╔══

lemma weighted_eq_epowr:
  assumes "0 < p" and finite: "(\<integral>\<^sup>+y\<in>{0<..<x}. ennreal (f y) \<partial>lborel) \<noteq> \<infinity>"
    and extremal: "\<And>t. 0 < t \<Longrightarrow> t < x \<Longrightarrow> 0 < f t \<Longrightarrow>
      (\<integral>\<^sup>+y\<in>{0<..<t}. ennreal (f y) \<partial>lborel) = ennreal (t * f t)"
  shows "(\<integral>\<^sup>+y\<in>{0<..<x}. ennreal (p * y powr (p - 1) * f y powr p) \<partial>lborel)
    = epowr (\<integral>\<^sup>+y\<in>{0<..<x}. ennreal (f y) \<partial>lborel) p"
proof -
  obtain I where "nonneg_decreasing_integrable f x I" and I: "(\<integral>\<^sup>+y\<in>{0<..<x}. ennreal (f y) \<partial>lborel) = ennreal I"
    using finite by (rule integrable_interpretation)
  then interpret nonneg_decreasing_integrable f x I
    by simp
  show ?thesis
    using weighted_eq_powr[OF assms(1) extremal] I_nonneg by (simp add: I epowr_def)
qed

end


section \<open>The kernel \<open>x^(-\<alpha>) dx/x\<close> on \<open>(0, l)\<close>\<close>

lemma ivl_eq: "0 < l \<Longrightarrow> ivl l = (if l = \<infinity> then {0<..} else {0<..<real_of_ereal l})"
  by (cases l) (auto simp: ivl_def)

lemma sets_ivl: "0 < l \<Longrightarrow> ivl l \<in> sets borel"
  by (simp add: ivl_eq)

lemma ivl_lessThan_subset: "x \<in> ivl l \<Longrightarrow> {0<..<x} \<subseteq> ivl l"
proof
  fix y assume x: "x \<in> ivl l" and y: "y \<in> {0<..<x}"
  have "ereal y < ereal x"
    using y by simp
  also have "ereal x < l"
    using x by (simp add: ivl_def)
  finally show "y \<in> ivl l"
    using y by (simp add: ivl_def)
qed
(* Observe $\mathbf y=\mathbf f+\boldsymbol\xi\in\mathbf R^n$, where the random vector $\boldsymbol\xi$ satisfies $\mathbb E\exp(\alpha^T\boldsymbol\xi)\le\exp(\|\alpha\|_2^2K^2/2)$ for all $\alpha\in\mathbf R^n$, and $K>0$ is the smallest positive number with this property. Let $M\ge2$ and, for $j=1,\dots,M$, let $\mathbf b_j\in\mathbf R^n$ and let $A_j$ be an $n\times n$ matrix with $A_j=A_j^T=A_j^2$ (both deterministic); $\hat{\boldsymbol\mu}_j=A_j\mathbf y+\mathbf b_j$. Let $(\pi_1,\dots,\pi_M)\in\Lambda^M$ with $\mathrm{Tr}(A_j)\le\log(\pi_j^{-1})$ for all $j$. Let $\hat K>0$ be a given estimator, $\delta:=\mathbb P(\hat K^2<K^2)$, and let $\hat{\boldsymbol\theta}\in\arg\min_{\boldsymbol\theta\in\Lambda^M}U(\boldsymbol\theta)$. Then for all $x>0$, with probability at least $1-\delta-2e^{-x}$, \[\|\hat{\boldsymbol\mu}_{\hat{\boldsymbol\theta}}-\mathbf f\|_2^2\le\min_{j=1,\dots,M}\Big(\|\hat{\boldsymbol\mu}_j-\mathbf f\|_2^2+64\hat K^2\log\frac1{\pi_j}\Big)+28K^2x.\]
   Context: $\Lambda^M=\{\boldsymbol\theta\in\mathbf R^M:\sum_j\theta_j=1,\theta_j\ge0\}$. For $\boldsymbol\theta\in\Lambda^M$: $A_{\boldsymbol\theta}=\sum_j\theta_jA_j$, $\mathbf b_{\boldsymbol\theta}=\sum_j\theta_j\mathbf b_j$, $\hat{\boldsymbol\mu}_{\boldsymbol\theta}=A_{\boldsymbol\theta}\mathbf y+\mathbf b_{\boldsymbol\theta}$, $\mathrm{pen}(\boldsymbol\theta)=\sum_j\theta_j\|\hat{\boldsymbol\mu}_{\boldsymbol\theta}-\hat{\boldsymbol\mu}_j\|_2^2$, and $U(\boldsymbol\theta)=\|\hat{\boldsymbol\mu}_{\boldsymbol\theta}\|_2^2-2\mathbf y^T\hat{\boldsymbol\mu}_{\boldsymbol\theta}+\frac12\mathrm{pen}(\boldsymbol\theta)+32\hat K^2\sum_{j=1}^M\theta_j\log\frac1{\pi_j}$. *)

theory Defs
  imports "HOL-Probability.Probability"
begin

definition Lsimplex :: "nat \<Rightarrow> (nat \<Rightarrow> real) set" where
  "Lsimplex M = {\<theta>. (\<forall>j\<in>{1..M}. 0 \<le> \<theta> j) \<and> (\<Sum>j=1..M. \<theta> j) = 1}"

definition A_theta :: "nat \<Rightarrow> (nat \<Rightarrow> real^'n^'n) \<Rightarrow> (nat \<Rightarrow> real) \<Rightarrow> real^'n^'n" where
  "A_theta M A \<theta> = (\<Sum>j=1..M. \<theta> j *\<^sub>R A j)"

definition b_theta :: "nat \<Rightarrow> (nat \<Rightarrow> real^'n) \<Rightarrow> (nat \<Rightarrow> real) \<Rightarrow> real^'n" where
  "b_theta M b \<theta> = (\<Sum>j=1..M. \<theta> j *\<^sub>R b j)"

definition mu_hat :: "(nat \<Rightarrow> real^'n^'n) \<Rightarrow> (nat \<Rightarrow> real^'n) \<Rightarrow> real^'n \<Rightarrow> nat \<Rightarrow> real^'n" where
  "mu_hat A b y j = A j *v y + b j"

definition mu_theta :: "nat \<Rightarrow> (nat \<Rightarrow> real^'n^'n) \<Rightarrow> (nat \<Rightarrow> real^'n) \<Rightarrow> real^'n \<Rightarrow> (nat \<Rightarrow> real) \<Rightarrow> real^'n" where
  "mu_theta M A b y \<theta> = A_theta M A \<theta> *v y + b_theta M b \<theta>"

definition pen :: "nat \<Rightarrow> (nat \<Rightarrow> real^'n^'n) \<Rightarrow> (nat \<Rightarrow> real^'n) \<Rightarrow> real^'n \<Rightarrow> (nat \<Rightarrow> real) \<Rightarrow> real" where
  "pen M A b y \<theta> = (\<Sum>j=1..M. \<theta> j * (norm (mu_theta M A b y \<theta> - mu_hat A b y j))\<^sup>2)"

╚══

# Task item:
Extract all of the data exactly as written.

# Solution for this problem:
lemma weighted_eq_epowr:
  assumes "0 < p" and finite: "(\<integral>\<^sup>+y\<in>{0<..<x}. ennreal (f y) \<partial>lborel) \<noteq> \<infinity>"
    and extremal: "\<And>t. 0 < t \<Longrightarrow> t < x \<Longrightarrow> 0 < f t \<Longrightarrow>
      (\<integral>\<^sup>+y\<in>{0<..<t}. ennreal (f y) \<partial>lborel) = ennreal (t * f t)"
  shows "(\<integral>\<^sup>+y\<in>{0<..<x}. ennreal (p * y powr (p - 1) * f y powr p) \<partial>lborel)
    = epowr (\<integral>\<^sup>+y\<in>{0<..<x}. ennreal (f y) \<partial>lborel) p"
proof -
  obtain I where "nonneg_decreasing_integrable f x I" and I: "(\<integral>\<^sup>+y\<in>{0<..<x}. ennreal (f y) \<partial>lborel) = ennreal I"
    using finite by (rule integrable_interpretation)
  then interpret nonneg_decreasing_integrable f x I
    by simp
  show ?thesis
    using weighted_eq_powr[OF assms(1) extremal] I_nonneg by (simp add: I epowr_def)
qed

end


section \<open>The kernel \<open>x^(-\<alpha>) dx/x\<close> on \<open>(0, l)\<close>\<close>

lemma ivl_eq: "0 < l \<Longrightarrow> ivl l = (if l = \<infinity> then {0<..} else {0<..<real_of_ereal l})"
  by (cases l) (auto simp: ivl_def)

lemma sets_ivl: "0 < l \<Longrightarrow> ivl l \<in> sets borel"
  by (simp add: ivl_eq)

lemma ivl_lessThan_subset: "x \<in> ivl l \<Longrightarrow> {0<..<x} \<subseteq> ivl l"
proof
  fix y assume x: "x \<in> ivl l" and y: "y \<in> {0<..<x}"
  have "ereal y < ereal x"
    using y by simp
  also have "ereal x < l"
    using x by (simp add: ivl_def)
  finally show "y \<in> ivl l"
    using y by (simp add: ivl_def)
qed
(* Observe $\mathbf y=\mathbf f+\boldsymbol\xi\in\mathbf R^n$, where the random vector $\boldsymbol\xi$ satisfies $\mathbb E\exp(\alpha^T\boldsymbol\xi)\le\exp(\|\alpha\|_2^2K^2/2)$ for all $\alpha\in\mathbf R^n$, and $K>0$ is the smallest positive number with this property. Let $M\ge2$ and, for $j=1,\dots,M$, let $\mathbf b_j\in\mathbf R^n$ and let $A_j$ be an $n\times n$ matrix with $A_j=A_j^T=A_j^2$ (both deterministic); $\hat{\boldsymbol\mu}_j=A_j\mathbf y+\mathbf b_j$. Let $(\pi_1,\dots,\pi_M)\in\Lambda^M$ with $\mathrm{Tr}(A_j)\le\log(\pi_j^{-1})$ for all $j$. Let $\hat K>0$ be a given estimator, $\delta:=\mathbb P(\hat K^2<K^2)$, and let $\hat{\boldsymbol\theta}\in\arg\min_{\boldsymbol\theta\in\Lambda^M}U(\boldsymbol\theta)$. Then for all $x>0$, with probability at least $1-\delta-2e^{-x}$, \[\|\hat{\boldsymbol\mu}_{\hat{\boldsymbol\theta}}-\mathbf f\|_2^2\le\min_{j=1,\dots,M}\Big(\|\hat{\boldsymbol\mu}_j-\mathbf f\|_2^2+64\hat K^2\log\frac1{\pi_j}\Big)+28K^2x.\]
   Context: $\Lambda^M=\{\boldsymbol\theta\in\mathbf R^M:\sum_j\theta_j=1,\theta_j\ge0\}$. For $\boldsymbol\theta\in\Lambda^M$: $A_{\boldsymbol\theta}=\sum_j\theta_jA_j$, $\mathbf b_{\boldsymbol\theta}=\sum_j\theta_j\mathbf b_j$, $\hat{\boldsymbol\mu}_{\boldsymbol\theta}=A_{\boldsymbol\theta}\mathbf y+\mathbf b_{\boldsymbol\theta}$, $\mathrm{pen}(\boldsymbol\theta)=\sum_j\theta_j\|\hat{\boldsymbol\mu}_{\boldsymbol\theta}-\hat{\boldsymbol\mu}_j\|_2^2$, and $U(\boldsymbol\theta)=\|\hat{\boldsymbol\mu}_{\boldsymbol\theta}\|_2^2-2\mathbf y^T\hat{\boldsymbol\mu}_{\boldsymbol\theta}+\frac12\mathrm{pen}(\boldsymbol\theta)+32\hat K^2\sum_{j=1}^M\theta_j\log\frac1{\pi_j}$. *)

theory Defs
  imports "HOL-Probability.Probability"
begin

definition Lsimplex :: "nat \<Rightarrow> (nat \<Rightarrow> real) set" where
  "Lsimplex M = {\<theta>. (\<forall>j\<in>{1..M}. 0 \<le> \<theta> j) \<and> (\<Sum>j=1..M. \<theta> j) = 1}"

definition A_theta :: "nat \<Rightarrow> (nat \<Rightarrow> real^'n^'n) \<Rightarrow> (nat \<Rightarrow> real) \<Rightarrow> real^'n^'n" where
  "A_theta M A \<theta> = (\<Sum>j=1..M. \<theta> j *\<^sub>R A j)"

definition b_theta :: "nat \<Rightarrow> (nat \<Rightarrow> real^'n) \<Rightarrow> (nat \<Rightarrow> real) \<Rightarrow> real^'n" where
  "b_theta M b \<theta> = (\<Sum>j=1..M. \<theta> j *\<^sub>R b j)"

definition mu_hat :: "(nat \<Rightarrow> real^'n^'n) \<Rightarrow> (nat \<Rightarrow> real^'n) \<Rightarrow> real^'n \<Rightarrow> nat \<Rightarrow> real^'n" where
  "mu_hat A b y j = A j *v y + b j"

definition mu_theta :: "nat \<Rightarrow> (nat \<Rightarrow> real^'n^'n) \<Rightarrow> (nat \<Rightarrow> real^'n) \<Rightarrow> real^'n \<Rightarrow> (nat \<Rightarrow> real) \<Rightarrow> real^'n" where
  "mu_theta M A b y \<theta> = A_theta M A \<theta> *v y + b_theta M b \<theta>"

definition pen :: "nat \<Rightarrow> (nat \<Rightarrow> real^'n^'n) \<Rightarrow> (nat \<Rightarrow> real^'n) \<Rightarrow> real^'n \<Rightarrow> (nat \<Rightarrow> real) \<Rightarrow> real" where
  "pen M A b y \<theta> = (\<Sum>j=1..M. \<theta> j * (norm (mu_theta M A b y \<theta> - mu_hat A b y j))\<^sup>2)"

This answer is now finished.